====== Material for this task

(* Let $T:C_e^\infty(S^{n-1})\to C_e^\infty(S^{n-1})$ be a linear operator and let $p>1$. Suppose $g\in C_e^\infty(S^{n-1})$ is strictly positive and $g^{p-1}\notin{\rm Pos}(T)$. Then there exists a strictly positive $f\in C_e^\infty(S^{n-1})$ such that $Tf(x)\le Tg(x)$ for every $x\in S^{n-1}$, but $\|f\|_{L_p(S^{n-1})}>\|g\|_{L_p(S^{n-1})}$.
   Context: $C_e^\infty(S^{n-1})$ is the space of even real-valued infinitely differentiable functions on $S^{n-1}$, ordered pointwise; "strictly positive" means $>0$ everywhere. For a linear operator $T:C_e^\infty(S^{n-1})\to C_e^\infty(S^{n-1})$, ${\rm Pos}(T)$ is the set of $h\in C_e^\infty(S^{n-1})$ such that $\int_{S^{n-1}}\phi(x)h(x)\,dx\ge 0$ for every $\phi\in C_e^\infty(S^{n-1})$ with $T\phi(x)\ge 0$ for all $x\in S^{n-1}$. Integrals and $L_p$ norms are with respect to surface measure on $S^{n-1}$. *)

theory Defs
  imports "HOL-Analysis.Analysis"
begin

primrec diff_k :: "nat \<Rightarrow> 'a::euclidean_space set \<Rightarrow> ('a \<Rightarrow> real) \<Rightarrow> bool" where
  "diff_k 0 S f = True"
| "diff_k (Suc k) S f =
     ((\<forall>x\<in>S. f differentiable (at x)) \<and>
      (\<forall>b\<in>Basis. diff_k k S (\<lambda>x. frechet_derivative f (at x) b)))"

definition smooth_on :: "'a::euclidean_space set \<Rightarrow> ('a \<Rightarrow> real) \<Rightarrow> bool" where
  "smooth_on S f \<longleftrightarrow> (\<forall>k. diff_k k S f)"

abbreviation Sph :: "'a::euclidean_space set" where
  "Sph \<equiv> sphere 0 1"

text \<open>C_e^\<infinity>(S^{n-1}): even smooth functions on the sphere, represented extensionally
  (value 0 off the sphere). Smoothness on the sphere = smoothness of the
  0-homogeneous extension on R^n minus the origin.\<close>
definition Ce :: "('a::euclidean_space \<Rightarrow> real) set" where
  "Ce = {h. smooth_on (- {0}) (\<lambda>x. h (x /\<^sub>R norm x))
            \<and> (\<forall>x\<in>Sph. h (- x) = h x)
            \<and> (\<forall>x. x \<notin> Sph \<longrightarrow> h x = 0)}"

text \<open>Integral w.r.t. surface measure on the sphere, via the polar/cone formula
  \<integral>_{S} f d\<sigma> = n \<integral>_{B} f(x/|x|) dx.\<close>
definition sph_integral :: "('a::euclidean_space \<Rightarrow> real) \<Rightarrow> real" where
  "sph_integral f = real DIM('a) * integral (ball 0 1) (\<lambda>x. f (x /\<^sub>R norm x))"

definition Lp_norm :: "real \<Rightarrow> ('a::euclidean_space \<Rightarrow> real) \<Rightarrow> real" where
  "Lp_norm p f = (sph_integral (\<lambda>x. \<bar>f x\<bar> powr p)) powr (1 / p)"

definition linear_op_Ce :: "(('a::euclidean_space \<Rightarrow> real) \<Rightarrow> ('a \<Rightarrow> real)) \<Rightarrow> bool" where
  "linear_op_Ce T \<longleftrightarrow> (\<forall>f\<in>Ce. T f \<in> Ce)
     \<and> (\<forall>f\<in>Ce. \<forall>g\<in>Ce. T (\<lambda>x. f x + g x) = (\<lambda>x. T f x + T g x))
     \<and> (\<forall>f\<in>Ce. \<forall>c::real. T (\<lambda>x. c * f x) = (\<lambda>x. c * T f x))"

definition Pos :: "(('a::euclidean_space \<Rightarrow> real) \<Rightarrow> ('a \<Rightarrow> real)) \<Rightarrow> ('a \<Rightarrow> real) set" where
  "Pos T = {h\<in>Ce. \<forall>\<phi>\<in>Ce. (\<forall>x\<in>Sph. T \<phi> x \<ge> 0) \<longrightarrow> sph_integral (\<lambda>x. \<phi> x * h x) \<ge> 0}"

end

theory Submission
  imports Defs
begin

text \<open>If \<open>g^{p-1}\<close> is not in \<open>Pos T\<close>, some \<open>\<phi>\<close> with \<open>T\<phi> \<ge> 0\<close> has \<open>\<integral>\<phi> g^{p-1} < 0\<close>.
  The function \<open>f = g - t\<phi>\<close> then satisfies \<open>Tf \<le> Tg\<close>, and for small \<open>t > 0\<close> it is
  still positive. Convexity of \<open>s \<mapsto> s^p\<close> gives \<open>f^p \<ge> g^p - p t \<phi> g^{p-1}\<close> pointwise,
  and integrating yields \<open>\<integral>f^p \<ge> \<integral>g^p - p t \<integral>\<phi> g^{p-1} > \<integral>g^p\<close>.\<close>

lemma diff_k_SucD: "diff_k (Suc k) S f \<Longrightarrow> diff_k k S f"
  by (induction k arbitrary: f) simp_all

lemma frechet_derivative_apply:
  "(f has_derivative f') (at x) \<Longrightarrow> frechet_derivative f (at x) b = f' b"
  by (drule frechet_derivative_at) simp

lemma diff_k_cong:
  assumes "open S" "\<And>y. y \<in> S \<Longrightarrow> f y = g y" "diff_k k S f"
  shows "diff_k k S g"
  using assms(2,3)
proof (induction k arbitrary: f g)
  case 0
  then show ?case by simp
next
  case (Suc k)
  have g_deriv: "(g has_derivative frechet_derivative f (at x)) (at x)" if "x \<in> S" for x
  proof -
    have "(f has_derivative frechet_derivative f (at x)) (at x)"
      using Suc.prems(2) that by (simp add: frechet_derivative_works[symmetric])
    then show ?thesis
      using has_derivative_transform_within_open assms(1) that Suc.prems(1) by blast
  qed
  show ?case
  proof (simp, intro conjI ballI)
    show "g differentiable at x" if "x \<in> S" for x
      using g_deriv[OF that] differentiable_def by blast
    fix b :: 'a assume "b \<in> Basis"
    then have "diff_k k S (\<lambda>x. frechet_derivative f (at x) b)" using Suc.prems by simp
    then show "diff_k k S (\<lambda>x. frechet_derivative g (at x) b)"
      by (rule Suc.IH[rotated]) (simp add: frechet_derivative_apply[OF g_deriv])
  qed
qed

lemma diff_k_const: "diff_k k S (\<lambda>x. c)"
proof (induction k arbitrary: c)
  case 0
  then show ?case by simp
next
  case (Suc k)
  have "frechet_derivative (\<lambda>x. c) (at x) = (\<lambda>h. 0)" for x :: 'a
    by (rule frechet_derivative_at[symmetric]) (rule has_derivative_const)
  then show ?case using Suc by simp
qed

lemma diff_k_add:
  assumes "open S" "diff_k k S f" "diff_k k S g"
  shows "diff_k k S (\<lambda>x. f x + g x)"
  using assms(2,3)
proof (induction k arbitrary: f g)
  case 0
  then show ?case by simp
next
  case (Suc k)
  let ?f' = "\<lambda>x. frechet_derivative f (at x)" and ?g' = "\<lambda>x. frechet_derivative g (at x)"
  have deriv: "((\<lambda>x. f x + g x) has_derivative (\<lambda>h. ?f' x h + ?g' x h)) (at x)" if "x \<in> S" for x
    using Suc.prems that by (intro has_derivative_add) (simp_all add: frechet_derivative_works[symmetric])
  show ?case
  proof (simp, intro conjI ballI)
    show "(\<lambda>x. f x + g x) differentiable at x" if "x \<in> S" for x
      using deriv[OF that] differentiable_def by blast
    fix b :: 'a assume "b \<in> Basis"
    then have "diff_k k S (\<lambda>x. ?f' x b + ?g' x b)"
      using Suc.prems by (intro Suc.IH) simp_all
    then show "diff_k k S (\<lambda>x. frechet_derivative (\<lambda>x. f x + g x) (at x) b)"
      by (rule diff_k_cong[OF assms(1), rotated]) (simp add: frechet_derivative_apply[OF deriv])
  qed
qed

lemma diff_k_mult:
  assumes "open S" "diff_k k S f" "diff_k k S g"
  shows "diff_k k S (\<lambda>x. f x * g x)"
  using assms(2,3)
proof (induction k arbitrary: f g)
  case 0
  then show ?case by simp
next
  case (Suc k)
  let ?f' = "\<lambda>x. frechet_derivative f (at x)" and ?g' = "\<lambda>x. frechet_derivative g (at x)"
  have deriv: "((\<lambda>x. f x * g x) has_derivative (\<lambda>h. f x * ?g' x h + ?f' x h * g x)) (at x)"
    if "x \<in> S" for x
    using Suc.prems that by (intro has_derivative_mult) (simp_all add: frechet_derivative_works[symmetric])
  show ?case
  proof (simp, intro conjI ballI)
    show "(\<lambda>x. f x * g x) differentiable at x" if "x \<in> S" for x
      using deriv[OF that] differentiable_def by blast
    fix b :: 'a assume "b \<in> Basis"
    moreover have "diff_k k S f" "diff_k k S g" using Suc.prems diff_k_SucD by blast+
    ultimately have "diff_k k S (\<lambda>x. f x * ?g' x b + ?f' x b * g x)"
      using Suc.prems by (intro diff_k_add[OF assms(1)] Suc.IH) simp_all
    then show "diff_k k S (\<lambda>x. frechet_derivative (\<lambda>x. f x * g x) (at x) b)"
      by (rule diff_k_cong[OF assms(1), rotated]) (simp add: frechet_derivative_apply[OF deriv])
  qed
qed

lemma diff_k_powr:
  assumes "open S" "diff_k k S G" "\<And>x. x \<in> S \<Longrightarrow> G x > 0"
  shows "diff_k k S (\<lambda>x. G x powr q)"
  using assms(2,3)
proof (induction k arbitrary: G q)
  case 0
  then show ?case by simp
next
  case (Suc k)
  let ?G' = "\<lambda>x. frechet_derivative G (at x)"
  have deriv: "((\<lambda>x. G x powr q) has_derivative (\<lambda>h. q * (G x powr (q - 1) * ?G' x h))) (at x)"
    if "x \<in> S" for x
  proof -
    have pos: "G x > 0" using Suc.prems(2) that by blast
    have "((\<lambda>x. G x powr q) has_derivative (\<lambda>h. G x powr q * (0 * ln (G x) + ?G' x h * q / G x))) (at x)"
      using Suc.prems(1) that pos
      by (intro has_derivative_powr has_derivative_const) (auto simp: frechet_derivative_works[symmetric])
    moreover have "(\<lambda>h. G x powr q * (0 * ln (G x) + ?G' x h * q / G x))
        = (\<lambda>h. q * (G x powr (q - 1) * ?G' x h))"
      using pos by (auto simp: powr_diff fun_eq_iff)
    ultimately show ?thesis by simp
  qed
  show ?case
  proof (simp, intro conjI ballI)
    show "(\<lambda>x. G x powr q) differentiable at x" if "x \<in> S" for x
      using deriv[OF that] differentiable_def by blast
    fix b :: 'a assume "b \<in> Basis"
    moreover have "diff_k k S G" using Suc.prems diff_k_SucD by blast
    ultimately have "diff_k k S (\<lambda>x. q * (G x powr (q - 1) * ?G' x b))"
      using Suc.prems
      by (intro diff_k_mult[OF assms(1)] diff_k_const Suc.IH) simp_all
    then show "diff_k k S (\<lambda>x. frechet_derivative (\<lambda>x. G x powr q) (at x) b)"
      by (rule diff_k_cong[OF assms(1), rotated]) (simp add: frechet_derivative_apply[OF deriv])
  qed
qed

lemma open_Compl_zero: "open (- {0::'a::euclidean_space})"
  by auto

lemma Ce_continuous_on:
  assumes "f \<in> Ce"
  shows "continuous_on Sph f"
proof -
  have "diff_k (Suc 0) (- {0}) (\<lambda>x. f (x /\<^sub>R norm x))"
    using assms unfolding Ce_def smooth_on_def by blast
  then have "continuous_on (- {0}) (\<lambda>x. f (x /\<^sub>R norm x))"
    by (auto intro!: continuous_at_imp_continuous_on differentiable_imp_continuous_within)
  then have "continuous_on Sph (\<lambda>x. f (x /\<^sub>R norm x))"
    by (rule continuous_on_subset) auto
  then show ?thesis
    by (rule continuous_on_eq) auto
qed

lemma Ce_add: "u \<in> Ce \<Longrightarrow> v \<in> Ce \<Longrightarrow> (\<lambda>x. u x + v x) \<in> Ce"
  unfolding Ce_def smooth_on_def by (auto intro: diff_k_add[OF open_Compl_zero])

lemma Ce_cmult: "u \<in> Ce \<Longrightarrow> (\<lambda>x. c * u x) \<in> Ce"
  unfolding Ce_def smooth_on_def by (auto intro: diff_k_mult[OF open_Compl_zero diff_k_const])

lemma Ce_powr:
  assumes "g \<in> Ce" "\<forall>x\<in>Sph. g x > 0"
  shows "(\<lambda>x. if x \<in> Sph then g x powr q else 0) \<in> Ce"
proof -
  have unit: "x /\<^sub>R norm x \<in> Sph" if "x \<in> - {0}" for x :: 'a
    using that by auto
  have "diff_k k (- {0}) (\<lambda>x. g (x /\<^sub>R norm x) powr q)" for k
    using assms unit unfolding Ce_def smooth_on_def
    by (intro diff_k_powr[OF open_Compl_zero]) auto
  then have "diff_k k (- {0}) (\<lambda>x. if x /\<^sub>R norm x \<in> Sph then g (x /\<^sub>R norm x) powr q else 0)" for k
    by (rule diff_k_cong[OF open_Compl_zero, rotated]) (simp add: unit)
  then show ?thesis
    using assms(1) unfolding Ce_def smooth_on_def by auto
qed

lemma linear_op_Ce_add_cmult:
  assumes "linear_op_Ce T" "f \<in> Ce" "g \<in> Ce"
  shows "T (\<lambda>x. f x + c * g x) = (\<lambda>x. T f x + c * T g x)"
proof -
  have add: "\<forall>f\<in>Ce. \<forall>g\<in>Ce. T (\<lambda>x. f x + g x) = (\<lambda>x. T f x + T g x)"
    and cmult: "\<forall>f\<in>Ce. \<forall>c. T (\<lambda>x. c * f x) = (\<lambda>x. c * T f x)"
    using assms(1) unfolding linear_op_Ce_def by blast+
  have "T (\<lambda>x. f x + c * g x) = (\<lambda>x. T f x + T (\<lambda>x. c * g x) x)"
    using add[rule_format, OF assms(2) Ce_cmult[OF assms(3)]] .
  also have "T (\<lambda>x. c * g x) = (\<lambda>x. c * T g x)"
    using cmult assms(3) by blast
  finally show ?thesis .
qed

text \<open>The cone \<open>x \<mapsto> x / \<parallel>x\<parallel>\<close> sends \<open>0\<close> to \<open>0 \<notin> Sph\<close>; removing that
  negligible point lets \<open>sph_integral\<close> see only values on the sphere.\<close>

lemma sph_integral_punctured:
  "sph_integral F = real DIM('a) * integral (ball 0 1 - {0}) (\<lambda>x::'a::euclidean_space. F (x /\<^sub>R norm x))"
  unfolding sph_integral_def
  by (subst integral_spike_set) (auto intro: negligible_subset[of "{0}"])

============

◆ **Required action**
Whenever the string "positive" occurs in a line of the entries above, copy that line.

◆ **Answer box**
(* Let $T:C_e^\infty(S^{n-1})\to C_e^\infty(S^{n-1})$ be a linear operator and let $p>1$. Suppose $g\in C_e^\infty(S^{n-1})$ is strictly positive and $g^{p-1}\notin{\rm Pos}(T)$. Then there exists a strictly positive $f\in C_e^\infty(S^{n-1})$ such that $Tf(x)\le Tg(x)$ for every $x\in S^{n-1}$, but $\|f\|_{L_p(S^{n-1})}>\|g\|_{L_p(S^{n-1})}$.
   Context: $C_e^\infty(S^{n-1})$ is the space of even real-valued infinitely differentiable functions on $S^{n-1}$, ordered pointwise; "strictly positive" means $>0$ everywhere. For a linear operator $T:C_e^\infty(S^{n-1})\to C_e^\infty(S^{n-1})$, ${\rm Pos}(T)$ is the set of $h\in C_e^\infty(S^{n-1})$ such that $\int_{S^{n-1}}\phi(x)h(x)\,dx\ge 0$ for every $\phi\in C_e^\infty(S^{n-1})$ with $T\phi(x)\ge 0$ for all $x\in S^{n-1}$. Integrals and $L_p$ norms are with respect to surface measure on $S^{n-1}$. *)
  still positive. Convexity of \<open>s \<mapsto> s^p\<close> gives \<open>f^p \<ge> g^p - p t \<phi> g^{p-1}\<close> pointwise,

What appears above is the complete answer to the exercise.